Study after study shows that the single most important factor in closing the achievement gaps is good teachers. So if KIPP is able to hire and keep teachers who are committed to constant improvement – which I’d wager was the subject of most conversations in the Bahamas – then providing opportunities like 5 days of professional development is precisely what they should be doing.
Another NYC Educator blogger writes,
….when you treat teachers and kids like dogs all year, they need a break. What–the kids didn’t get one? Too bad for them. Well, if they’re gonna grow up to work 200 hours a week with few benefits and no job protection, you can’t train them too early, can you?…My kid goes to a public school where they don’t need to work her or her teachers to death.”
Is that because the students arrive already on grade level? If so, I’m glad for the teachers at your school. I’m glad for the students, too. But when kids have been underserved by the public education system (read: bad teachers), then a little hard work is needed from everyone involved to catch them up.
And no, KIPP teachers don’t have job security. That is, they are not protected if they do a crumby job. Job security is teaching well.
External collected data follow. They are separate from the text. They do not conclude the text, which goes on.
lemma tauA_eq_det:
  assumes U: "U \<in> carrier_mat N N" and "a \<le> p" and "n + a \<le> N"
  shows "tauA p N U a n = det (mat a a (\<lambda>(i, j). U $$ (i, n + j))) * det (exchange_mat a)"
proof -
  have block: "mat a a (\<lambda>(i, j). U $$ (i, n + j)) \<in> carrier_mat a a" by simp
  \<comment> \<open>tauA lists the columns n, ..., n + a - 1 in reverse order\<close>
  have "mat a a (\<lambda>(i, k). Apoly p N U 0 $$ (i, n + a - (k + 1)))
      = mat a a (\<lambda>(i, j). U $$ (i, n + j)) * exchange_mat a"
  proof (rule eq_matI)
    fix i k assume "i < dim_row (mat a a (\<lambda>(i, j). U $$ (i, n + j)) * exchange_mat a)"
      and "k < dim_col (mat a a (\<lambda>(i, j). U $$ (i, n + j)) * exchange_mat a)"
    hence i: "i < a" and k: "k < a" by (auto simp: exchange_mat_def)
    have "(mat a a (\<lambda>(i, j). U $$ (i, n + j)) * exchange_mat a) $$ (i, k)
        = (\<Sum>j<a. U $$ (i, n + j) * (if j + k + 1 = a then 1 else 0))"
      using i k by (simp add: exchange_mat_def scalar_prod_def lessThan_atLeast0)
    also have "\<dots> = (\<Sum>j<a. if j = a - (k + 1) then U $$ (i, n + j) else 0)"
      by (rule sum.cong) (use k in auto)
    also have "\<dots> = Apoly p N U 0 $$ (i, n + a - (k + 1))"
      using k i assms by (simp add: add_diff_assoc Apoly_at_zero)
    finally show "mat a a (\<lambda>(i, k). Apoly p N U 0 $$ (i, n + a - (k + 1))) $$ (i, k)
        = (mat a a (\<lambda>(i, j). U $$ (i, n + j)) * exchange_mat a) $$ (i, k)"
      using i k by simp
  qed (auto simp: exchange_mat_def)
  moreover have "exchange_mat a \<in> carrier_mat a a" unfolding exchange_mat_def by simp
  ultimately show ?thesis
    unfolding tauA_def using det_mult[OF block] by (simp add: exchange_mat_def)
qed
lemma Pi_pmf_count_binomial:
  assumes "finite I" "F \<subseteq> I" "p \<in> {0..1}"
    and bern: "\<And>S. S \<in> F \<Longrightarrow> map_pmf P (M S) = bernoulli_pmf p"
  shows "map_pmf (\<lambda>Q. card {S \<in> F. P (Q S)}) (Pi_pmf I d M) = binomial_pmf (card F) p"
proof -
  have finF: "finite F" using assms(1,2) by (rule finite_subset[rotated])
  have "map_pmf (\<lambda>Q. card {S \<in> F. P (Q S)}) (Pi_pmf I d M)
      = map_pmf (\<lambda>Q. card {S \<in> F. P (Q S)}) (Pi_pmf F d M)"
    by (simp add: Pi_pmf_subset[OF assms(1,2)] map_pmf_comp cong: conj_cong)
  also have "\<dots> = map_pmf (\<lambda>f. card {S \<in> F. f S}) (Pi_pmf F (P d) (\<lambda>S. map_pmf P (M S)))"
    by (simp add: Pi_pmf_map[OF finF] map_pmf_comp)
  also have "Pi_pmf F (P d) (\<lambda>S. map_pmf P (M S)) = Pi_pmf F (P d) (\<lambda>_. bernoulli_pmf p)"
    using bern by (intro Pi_pmf_cong) auto
  finally show ?thesis
    using binomial_pmf_altdef'[OF finF refl assms(3)] by simp
qed

section \<open>The noise model on a single triple\<close>

lemma pmf_embed_excl_prob:
  assumes "finite S" "\<And>x y. x \<in> S \<Longrightarrow> y \<in> S \<Longrightarrow> x \<noteq> y \<Longrightarrow> 0 \<le> ldist w x y"
    and D: "0 < (\<Sum>x\<in>S. \<Sum>y\<in>S - {x}. ldist w x y)"
  shows "pmf (embed_pmf (excl_prob w S)) = excl_prob w S"
proof -
  let ?D = "\<Sum>x\<in>S. \<Sum>y\<in>S - {x}. ldist w x y"
  have nonneg: "0 \<le> excl_prob w S c" for c
    using assms by (auto simp: excl_prob_def intro!: divide_nonneg_pos sum_nonneg)
  have "(\<Sum>c\<in>S. excl_prob w S c) = (\<Sum>c\<in>S. \<Sum>x\<in>S - {c}. ldist w x c) / ?D"
    by (simp add: excl_prob_def sum_divide_distrib)
  also have "(\<Sum>c\<in>S. \<Sum>x\<in>S - {c}. ldist w x c) = ?D"
    by (intro sum.cong refl) (rule ldist_sym)
  finally have "(\<Sum>c\<in>S. excl_prob w S c) = 1"
    using D by simp
  moreover have "(\<integral>\<^sup>+c. ennreal (excl_prob w S c) \<partial>count_space UNIV)
      = (\<Sum>c\<in>S. ennreal (excl_prob w S c))"
    using assms(1) by (rule nn_integral_count_space') (auto simp: excl_prob_def)
  moreover have "(\<Sum>c\<in>S. ennreal (excl_prob w S c)) = ennreal (\<Sum>c\<in>S. excl_prob w S c)"
    by (intro sum_ennreal nonneg)
  ultimately have "(\<integral>\<^sup>+c. ennreal (excl_prob w S c) \<partial>count_space UNIV) = 1"
    by simp
  from pmf_embed_pmf[of "excl_prob w S", OF nonneg this] show ?thesis
    by (intro ext)
qed

lemma pmf_triple_pmf_pair:
  assumes distinct: "a \<noteq> b" "a \<noteq> c" "b \<noteq> c"
    and nonneg: "0 \<le> ldist w a b" "0 \<le> ldist w a c" "0 \<le> ldist w b c"
    and pos: "0 < ldist w a b + ldist w b c + ldist w a c"
  shows "pmf (triple_pmf w {a, b, c}) {a, b}
           = (ldist w a c + ldist w b c) / (2 * (ldist w a b + ldist w b c + ldist w a c))"
proof -
  let ?S = "{a, b, c}"
  have sym: "ldist w b a = ldist w a b" "ldist w c a = ldist w a c" "ldist w c b = ldist w b c"
    by (simp_all add: ldist_sym)
  have minus: "?S - {a} = {b, c}" "?S - {b} = {a, c}" "?S - {c} = {a, b}"
    using distinct by auto
  have D: "(\<Sum>x\<in>?S. \<Sum>y\<in>?S - {x}. ldist w x y) = 2 * (ldist w a b + ldist w b c + ldist w a c)"
    using distinct by (simp add: minus sym)
  have "pmf (embed_pmf (excl_prob w ?S)) = excl_prob w ?S"
  proof (rule pmf_embed_excl_prob)
    fix x y assume "x \<in> ?S" "y \<in> ?S" "x \<noteq> y"
    then show "0 \<le> ldist w x y" using nonneg sym by auto
  qed (use pos D in simp_all)
  moreover have "(\<lambda>x. ?S - {x}) -` {{a, b}} = {c}"
  proof -
    have "?S - {x} \<noteq> {a, b}" if "x \<noteq> c" for x
    proof -
      have "c \<in> ?S - {x}" using that by simp
      moreover have "c \<notin> {a, b}" using distinct by simp
      ultimately show ?thesis by blast
    qed
    with minus(3) show ?thesis by auto
  qed
  ultimately have "pmf (triple_pmf w ?S) {a, b} = excl_prob w ?S c"
    by (simp add: triple_pmf_def pmf_map measure_pmf_single)
  also have "\<dots> = (ldist w a c + ldist w b c) / (2 * (ldist w a b + ldist w b c + ldist w a c))"
    unfolding excl_prob_def D using distinct by (simp add: minus sym)
  finally show ?thesis .
qed

section \<open>The estimator\<close>

definition right_leaves :: "topo \<Rightarrow> bool list set" where
  "right_leaves t = {u \<in> leaves t. prefix [True] u}"

definition probe_triples :: "topo \<Rightarrow> bool list \<Rightarrow> bool list set set" where
  "probe_triples t v =
     (\<lambda>c. {some_leaf t (v @ [False]), some_leaf t (v @ [True]), c}) ` right_leaves t"

definition pair_count :: "topo \<Rightarrow> bool list \<Rightarrow> (bool list set \<Rightarrow> bool list set) \<Rightarrow> nat" where
  "pair_count t v Q =
     card {S \<in> probe_triples t v. Q S = {some_leaf t (v @ [False]), some_leaf t (v @ [True])}}"

text \<open>The pair below v is returned with frequency pair_count / card right_leaves, whose mean
  is 1 / (h_v + 2); inverting it gives the estimate.\<close>
definition height_estimate :: "topo \<Rightarrow> (bool list set \<Rightarrow> bool list set) \<Rightarrow> bool list \<Rightarrow> real" where
  "height_estimate t Q v =
     (if v \<in> leaves t then 0 else real (card (right_leaves t)) / real (pair_count t v Q) - 2)"

lemma finite_triples: "finite (triples t)"
proof (rule finite_subset)
  show "triples t \<subseteq> Pow (leaves t)" unfolding triples_def by auto
qed (simp add: finite_leaves)

lemma nleaves_le_card_right_leaves:
  assumes "ordered t" "2 \<le> nleaves t"
  shows "nleaves t \<le> 2 * card (right_leaves t)"
proof (cases t)
  case (Nd l r)
  have "right_leaves t = Cons True ` leaves r"
    unfolding right_leaves_def Nd by (auto simp: prefix_def)
  then have "card (right_leaves t) = nleaves r"
    by (simp add: card_image card_leaves)
  then show ?thesis using assms(1) Nd by simp
qed (use assms in simp)

lemma probe_distances:
  assumes ultra: "\<forall>u\<in>leaves t. pw w [] u = 1"
    and v: "v \<in> positions t" "prefix [False] v" "v \<notin> leaves t" and c: "c \<in> right_leaves t"
  defines "a \<equiv> some_leaf t (v @ [False])" and "b \<equiv> some_leaf t (v @ [True])"
  shows "{a, b, c} \<subseteq> leaves t" "a \<noteq> b" "a \<noteq> c" "b \<noteq> c"
    and "ldist w a b = 2 * hv t w v" "ldist w a c = 2" "ldist w b c = 2"
proof -
  have a: "a \<in> leaves t" "prefix (v @ [False]) a" and b: "b \<in> leaves t" "prefix (v @ [True]) b"
    using some_leaf[OF child_in_positions[OF v(1,3)]] unfolding a_def b_def by blast+
  obtain v' where v': "v = False # v'"
    using v(2) by (auto simp: prefix_def)
  obtain xs ys where xs: "a = v @ False # xs" and ys: "b = v @ True # ys"
    using a(2) b(2) by (auto simp: prefix_def)
  obtain cs where cs: "c = True # cs" and c': "c \<in> leaves t"
    using c unfolding right_leaves_def by (auto simp: prefix_def)
  show "{a, b, c} \<subseteq> leaves t" using a(1) b(1) c' by simp
  show "a \<noteq> b" "a \<noteq> c" "b \<noteq> c" unfolding xs ys cs v' by simp_all
  show "ldist w a b = 2 * hv t w v"
    using ldist_eq_2hv[OF ultra a b] by simp
  have root_sides: "prefix ([] @ [False]) a" "prefix ([] @ [False]) b" "prefix ([] @ [True]) c"
    unfolding xs ys cs v' by simp_all
  show "ldist w a c = 2" "ldist w b c = 2"
    using ldist_eq_2hv[OF ultra a(1) root_sides(1) c' root_sides(3)]
      ldist_eq_2hv[OF ultra b(1) root_sides(2) c' root_sides(3)] hv_root[OF ultra]
    by simp_all
qed

lemma probe_triple_bernoulli:
  assumes wpos: "\<forall>p\<in>positions t - {[]}. w p \<ge> 0" and ultra: "\<forall>u\<in>leaves t. pw w [] u = 1"
    and v: "v \<in> positions t" "prefix [False] v" "v \<notin> leaves t" and c: "c \<in> right_leaves t"
  defines "a \<equiv> some_leaf t (v @ [False])" and "b \<equiv> some_leaf t (v @ [True])"
  shows "map_pmf (\<lambda>R. R = {a, b}) (triple_pmf w {a, b, c}) = bernoulli_pmf (1 / (hv t w v + 2))"
proof -
  note d = probe_distances[OF ultra v c, folded a_def b_def]
  have H: "0 \<le> hv t w v" using hv_bounds[OF wpos ultra v(1)] by simp
  have "pmf (triple_pmf w {a, b, c}) {a, b}
      = (ldist w a c + ldist w b c) / (2 * (ldist w a b + ldist w b c + ldist w a c))"
    by (rule pmf_triple_pmf_pair) (use d(2-7) H in simp_all)
  also have "\<dots> = 1 / (hv t w v + 2)"
    unfolding d(5-7) using H by (simp add: field_simps)
  finally show ?thesis
    by (simp add: map_pmf_eq_bernoulli_pmf)
qed

lemma pair_count_binomial:
  assumes wpos: "\<forall>p\<in>positions t - {[]}. w p \<ge> 0" and ultra: "\<forall>u\<in>leaves t. pw w [] u = 1"
    and v: "v \<in> positions t" "prefix [False] v" "v \<notin> leaves t"
  shows "map_pmf (pair_count t v) (outcomes t w)
           = binomial_pmf (card (right_leaves t)) (1 / (hv t w v + 2))"
proof -
  define a where "a = some_leaf t (v @ [False])"
  define b where "b = some_leaf t (v @ [True])"
  have probes: "probe_triples t v = (\<lambda>c. {a, b, c}) ` right_leaves t"
    unfolding probe_triples_def a_def b_def ..
  have sub: "probe_triples t v \<subseteq> triples t"
  proof
    fix S assume "S \<in> probe_triples t v"
    then obtain c where c: "c \<in> right_leaves t" "S = {a, b, c}" unfolding probes by blast
    then show "S \<in> triples t"
      using probe_distances[OF ultra v c(1), folded a_def b_def] unfolding triples_def by simp
  qed
  have "inj_on (\<lambda>c. {a, b, c}) (right_leaves t)"
  proof (rule inj_onI)
    fix c c' assume c: "c \<in> right_leaves t" "c' \<in> right_leaves t" "{a, b, c} = {a, b, c'}"
    then have "c \<in> {a, b, c'}" by blast
    then show "c = c'"
      using probe_distances(3,4)[OF ultra v c(1), folded a_def b_def] by blast
  qed
  then have card: "card (probe_triples t v) = card (right_leaves t)"
    unfolding probes by (rule card_image)
  have count: "pair_count t v = (\<lambda>Q. card {S \<in> probe_triples t v. Q S = {a, b}})"
    unfolding pair_count_def a_def b_def ..
  have "map_pmf (\<lambda>Q. card {S \<in> probe_triples t v. Q S = {a, b}}) (outcomes t w)
      = binomial_pmf (card (probe_triples t v)) (1 / (hv t w v + 2))"
    unfolding outcomes_def
  proof (rule Pi_pmf_count_binomial[OF finite_triples sub])
    show "1 / (hv t w v + 2) \<in> {0..1}"
      using hv_bounds[OF wpos ultra v(1)] by simp
    fix S assume "S \<in> probe_triples t v"
    then obtain c where c: "c \<in> right_leaves t" "S = {a, b, c}" unfolding probes by blast
    then show "map_pmf (\<lambda>R. R = {a, b}) (triple_pmf w S) = bernoulli_pmf (1 / (hv t w v + 2))"
      using probe_triple_bernoulli[OF wpos ultra v c(1), folded a_def b_def] by simp
  qed
  then show ?thesis
    unfolding count card .
qed

lemma pair_count_deviation:
  assumes wpos: "\<forall>p\<in>positions t - {[]}. w p \<ge> 0" and ultra: "\<forall>u\<in>leaves t. pw w [] u = 1"
    and v: "v \<in> positions t" "prefix [False] v" "v \<notin> leaves t"
    and m: "card (right_leaves t) > 0" and "0 \<le> (\<delta>::real)"
  shows "measure_pmf.prob (outcomes t w)
           {Q. \<delta> \<le> \<bar>real (pair_count t v Q) / card (right_leaves t) - 1 / (hv t w v + 2)\<bar>}
         \<le> 2 * exp (- 2 * real (card (right_leaves t)) * \<delta>\<^sup>2)"
proof -
  let ?m = "card (right_leaves t)" and ?p = "1 / (hv t w v + 2)"
  have "binomial_distribution ?p"
    unfolding binomial_distribution_def using hv_bounds[OF wpos ultra v(1)] by simp
  from binomial_distribution.prob_abs_ge'[OF this m \<open>0 \<le> \<delta>\<close>]
  have "measure_pmf.prob (binomial_pmf ?m ?p) {k. \<delta> \<le> \<bar>real k / ?m - ?p\<bar>}
      \<le> 2 * exp (- 2 * real ?m * \<delta>\<^sup>2)"
    by simp
  then show ?thesis
    by (simp add: pair_count_binomial[OF wpos ultra v, symmetric] vimage_def)
qed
So to that blogger, I say this: don’t boohoo KIPP teachers’ lack of a contract – if they wanted to, they could work under a collective bargaining agreement at a traditional public school (in fact, many did before coming to KIPP…and hardly any return after working at KIPP).
Superb teachers (like Frank Corcoran, of KIPP Bronx) could work on Wall Street. They could double, triple, or quadruple their salaries. But they choose to work with like-minded individuals who are committed to true education reform and closing the achievement gap.
Sure, it can be tiring. But don’t jump to the conclusion that just because it is, KIPP leadership doesn’t care about their teachers. If that were the case, their professional development could have taken place in the school cafeteria, like it did when I worked in a New York City public school.